Yours truly has started a fun side gig with a local newspaper, The Seattle Weekly.  Starting today, and coming out every Tuesday, I am writing a blog column, The Eatside, for Seattle Weekly’s food blog, Voracious.  I cover all things on the Eastside of greater Seattle (so that’s East of Lake Washington).

Today’s article is on a fun little joint called Lil’ Jon.  Go check out the article when you have time:

http://blogs.seattleweekly.com/voracious/2010/10/working_title_lil_jon_review.php

Meanwhile, we’ll start a giveaway today to celebrate my new adventure!  Sooooo, what’s up for grabs today?

It’s a Lasagna Lover Stoneware dish from Rachael Ray:

That’s right! It’s blue, shiny and just BEGGING you to splatter tomato sauce and noodles into it’s softly curved corners.  It’s dishwasher, microwave, freezer and oven safe to 500 degrees. AND, it has a glazed interior that’s nonporous so your food won’t stick!  It’s 9″ x 13″ with extra wide handle holes.
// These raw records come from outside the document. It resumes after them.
(* Let $X$ be a finite semi-permutation all of whose points have $x$-coordinates in $\{0,1,\dots,N-1\}$, let $0\le s<N$ be an integer, and let $X^s=\{((p.x+s)\bmod N,\;p.y): p\in X\}$ be the cyclic shift of $X$ by $s$ units to the right. Then $\mathrm{opt}(X^s)\ge \mathrm{opt}(X)-|X|$.
   Context: Points have integer coordinates. Two points $p,q$ are collinear if $p.x=q.x$ or $p.y=q.y$; otherwise $\square_{p,q}$ is the smallest closed axis-parallel rectangle containing both. A non-collinear pair $(p,q)$ is satisfied in $S$ if some $r\in S\setminus\{p,q\}$ lies in $\square_{p,q}$; $S$ is satisfied if all its non-collinear pairs are satisfied. $X$ is a semi-permutation if every horizontal line containing a point of $X$ contains exactly one. $\mathrm{opt}(X)$ is the minimum $|Y|$ over point sets $Y$ such that $X\cup Y$ is satisfied. *)

theory Defs
  imports Main
begin

type_synonym point = "int \<times> int"

definition collinear :: "point \<Rightarrow> point \<Rightarrow> bool" where
  "collinear p q \<longleftrightarrow> fst p = fst q \<or> snd p = snd q"

definition rect :: "point \<Rightarrow> point \<Rightarrow> point set" where
  "rect p q = {r. min (fst p) (fst q) \<le> fst r \<and> fst r \<le> max (fst p) (fst q)
                \<and> min (snd p) (snd q) \<le> snd r \<and> snd r \<le> max (snd p) (snd q)}"

definition pair_satisfied :: "point set \<Rightarrow> point \<Rightarrow> point \<Rightarrow> bool" where
  "pair_satisfied S p q \<longleftrightarrow> (\<exists>r \<in> S - {p, q}. r \<in> rect p q)"

definition satisfied :: "point set \<Rightarrow> bool" where
  "satisfied S \<longleftrightarrow> (\<forall>p\<in>S. \<forall>q\<in>S. \<not> collinear p q \<longrightarrow> pair_satisfied S p q)"

definition semi_permutation :: "point set \<Rightarrow> bool" where
  "semi_permutation X \<longleftrightarrow> (\<forall>p\<in>X. \<forall>q\<in>X. snd p = snd q \<longrightarrow> p = q)"

definition opt :: "point set \<Rightarrow> nat" where
  "opt X = (LEAST n. \<exists>Y. finite Y \<and> card Y = n \<and> satisfied (X \<union> Y))"

definition cyc_shift :: "int \<Rightarrow> int \<Rightarrow> point set \<Rightarrow> point set" where
  "cyc_shift N s X = (\<lambda>p. ((fst p + s) mod N, snd p)) ` X"

end

theory Submission
  imports Defs
begin

text \<open>
  Take an optimal satisfied superset \<open>Z\<close> of the shifted set.  Cutting \<open>Z\<close> along the
  vertical line \<open>x = s\<close> and swapping the two halves undoes the shift on the points of \<open>X\<close>.
  Each half stays satisfied after clamping its \<open>x\<close>-coordinates into the target strip and
  rounding all \<open>y\<close>-coordinates down to rows of \<open>X\<close>, since monotone coordinate maps preserve
  satisfaction.  Pairs split by the seam are then satisfied by adding one column on the seam
  containing every row of \<open>X\<close>, at a cost of at most \<open>|X|\<close> extra points.
\<close>

lemma rect_commute: "rect p q = rect q p"
  by (auto simp: rect_def)

lemma collinear_commute: "collinear p q = collinear q p"
  by (auto simp: collinear_def)

lemma pair_satisfied_commute: "pair_satisfied S p q = pair_satisfied S q p"
  by (auto simp: pair_satisfied_def rect_commute)

lemma pair_satisfied_mono: "pair_satisfied S p q \<Longrightarrow> S \<subseteq> T \<Longrightarrow> pair_satisfied T p q"
  unfolding pair_satisfied_def by blast

lemma satisfiedI_left_right:
  assumes "\<And>p q. p \<in> S \<Longrightarrow> q \<in> S \<Longrightarrow> fst p < fst q \<Longrightarrow> snd p \<noteq> snd q \<Longrightarrow>
      pair_satisfied S p q"
  shows "satisfied S"
  unfolding satisfied_def
proof (intro ballI impI)
  fix p q assume "p \<in> S" "q \<in> S" "\<not> collinear p q"
  then have "fst p \<noteq> fst q" "snd p \<noteq> snd q"
    by (auto simp: collinear_def)
  then show "pair_satisfied S p q"
    using assms \<open>p \<in> S\<close> \<open>q \<in> S\<close> pair_satisfied_commute
    by (metis linorder_neqE)
qed

lemma satisfied_Times: "satisfied (A \<times> B)"
proof (rule satisfiedI_left_right)
  fix p q assume "p \<in> A \<times> B" "q \<in> A \<times> B" "fst p < fst q" "snd p \<noteq> snd q"
  then have "(fst p, snd q) \<in> A \<times> B - {p, q}" "(fst p, snd q) \<in> rect p q"
    by (auto simp: rect_def prod_eq_iff)
  then show "pair_satisfied (A \<times> B) p q"
    unfolding pair_satisfied_def by blast
qed

lemma opt_witness:
  assumes "finite S"
  shows "\<exists>Y. finite Y \<and> card Y = opt S \<and> satisfied (S \<union> Y)"
proof -
  let ?G = "fst ` S \<times> snd ` S"
  have "S \<union> ?G = ?G"
    by force
  then have "\<exists>n Y. finite Y \<and> card Y = n \<and> satisfied (S \<union> Y)"
    using assms satisfied_Times by (metis finite_SigmaI finite_imageI)
  then show ?thesis
    unfolding opt_def by (rule LeastI_ex)
qed

lemma opt_le: "finite Y \<Longrightarrow> satisfied (S \<union> Y) \<Longrightarrow> opt S \<le> card Y"
  unfolding opt_def by (rule Least_le) blast

lemma opt_le_superset:
  assumes "finite W" "satisfied W" "X \<subseteq> W"
  shows "opt X \<le> card W - card X"
proof -
  have "X \<union> (W - X) = W"
    using assms(3) by blast
  then have "opt X \<le> card (W - X)"
    using assms(1,2) by (intro opt_le) auto
  then show ?thesis
    using assms by (simp add: card_Diff_subset finite_subset)
qed
lemma models_isomorphic_if_upset_colours_image_eq:
  assumes models: "model n P le r c" "model n' Q le' r' c'"
    and le_P: "\<And>a a'. a \<in> P \<Longrightarrow> a' \<in> P \<Longrightarrow>
                  le a a' \<longleftrightarrow> upset_colours P le c a' \<subseteq> upset_colours P le c a"
    and le_Q: "\<And>b b'. b \<in> Q \<Longrightarrow> b' \<in> Q \<Longrightarrow>
                  le' b b' \<longleftrightarrow> upset_colours Q le' c' b' \<subseteq> upset_colours Q le' c' b"
    and same_image: "upset_colours P le c ` P = upset_colours Q le' c' ` Q"
  shows "models_isomorphic P le c Q le' c'"
proof -
  let ?U = "upset_colours P le c" and ?U' = "upset_colours Q le' c'"
  have inj: "inj_on ?U P"
  proof (rule inj_onI)
    fix a a' assume "a \<in> P" "a' \<in> P" "?U a = ?U a'"
    with le_P have "le a a'" "le a' a" by simp_all
    with \<open>a \<in> P\<close> \<open>a' \<in> P\<close> models(1) show "a = a'"
      unfolding model_def finite_rooted_poset_def by blast
  qed
  have inj': "inj_on ?U' Q"
  proof (rule inj_onI)
    fix b b' assume "b \<in> Q" "b' \<in> Q" "?U' b = ?U' b'"
    with le_Q have "le' b b'" "le' b' b" by simp_all
    with \<open>b \<in> Q\<close> \<open>b' \<in> Q\<close> models(2) show "b = b'"
      unfolding model_def finite_rooted_poset_def by blast
  qed
  define f where "f = the_inv_into Q ?U' \<circ> ?U"
  have "bij_betw ?U P (?U' ` Q)"
    using inj_on_imp_bij_betw[OF inj] same_image by simp
  moreover have "bij_betw (the_inv_into Q ?U') (?U' ` Q) Q"
    using bij_betw_the_inv_into[OF inj_on_imp_bij_betw[OF inj']] .
  ultimately have bij: "bij_betw f P Q"
    unfolding f_def by (rule bij_betw_trans)
  have U'_f: "?U' (f a) = ?U a" if "a \<in> P" for a
  proof -
    have "?U a \<in> ?U' ` Q"
      using that same_image by blast
    then show ?thesis
      unfolding f_def by (simp add: f_the_inv_into_f[OF inj'])
  qed
  have f_in: "f a \<in> Q" if "a \<in> P" for a
    using bij_betw_apply[OF bij that] .
  show ?thesis
    unfolding models_isomorphic_def
  proof (intro exI conjI ballI)
    show "bij_betw f P Q" by (fact bij)
  next
    fix a b assume "a \<in> P" "b \<in> P"
    then show "le a b \<longleftrightarrow> le' (f a) (f b)"
      using le_P le_Q U'_f f_in by simp
  next
    fix a assume "a \<in> P"
    then have "c' (f a) = \<Inter> (?U' (f a))"
      using Inter_upset_colours[OF models(2) f_in] by simp
    also have "\<dots> = c a"
      using U'_f Inter_upset_colours[OF models(1)] \<open>a \<in> P\<close> by simp
    finally show "c' (f a) = c a" .
  qed
qed

theorem mainTheorem6:
  fixes P :: "'a set" and le :: "'a \<Rightarrow> 'a \<Rightarrow> bool" and x :: 'a and c :: "'a \<Rightarrow> nat set"
    and Q :: "'b set" and le' :: "'b \<Rightarrow> 'b \<Rightarrow> bool" and y :: 'b and c' :: "'b \<Rightarrow> nat set"
    and n :: nat
  assumes "boolean_sum P le x" and "stack_depth P le \<le> 1"
    and "boolean_sum Q le' y" and "stack_depth Q le' \<le> 1"
    and "n_generated n P le x c" and "n_generated n Q le' y c'"
    and "k_bisimilar 2 P le c x Q le' c' y"
  shows "models_isomorphic P le c Q le' c'"
proof -
  interpret P: boolean_model_stack_depth_1 P le x c n
    by unfold_locales (fact assms)+
  interpret Q: boolean_model_stack_depth_1 Q le' y c' n
    by unfold_locales (fact assms)+
  have "upset_colours P le c ` P = upset_colours Q le' c' ` Q"
    using assms(7) P.finite_rooted_poset Q.finite_rooted_poset
    by (rule upset_colours_image_eq_if_2_bisimilar)
  with P.model Q.model P.le_iff_upset_colours_subset Q.le_iff_upset_colours_subset
  show ?thesis
    by (rule models_isomorphic_if_upset_colours_image_eq)
qed

end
What are you making, and what time should I be there? Ha ha, just kidding. But seriously, send me your address, I’ll bring the wine.

So, if you’re interested in winning todays giveaway, here’s how**:

1. Go read my article (which will take you about 3 minutes), and share it with a friend (you’ll see at the bottom there’s a button to email it to a friend, or you can use the buttons at the top to share via a social media outlet like Facebook or Twitter).

2. Come back to the blog and post a comment letting me know who you shared it with (you can just give me a first name), and any feedback you have for my column.  This could be a critique, a place you think I should review, or just plain advice you think would benefit my column!

3. We’re using the honor system here, kids, so don’t let me down. I’ll have no way of knowing if you really shared the article, so do me proud!

The giveaway runs from October 19th at 9am Pacific Time to October 25th at 11:59pm Pacific Time.  Good luck and thanks for all the support! I’m excited to take you on this wild ride with me!

**By entering the giveaway, you agree that if you win, you will use the product and leave your honest feedback/review on the Amazon.com page for the product within 30 days of receiving it from A Half Cup.  One entry per person.  All valid entries will be entered into a random drawing, one winner will be chosen and given 14 days to claim their prize. An alternate will be chosen in the event the winner does not claim their prize.  You may only win 1 prize in a 30 day period from A Half Cup.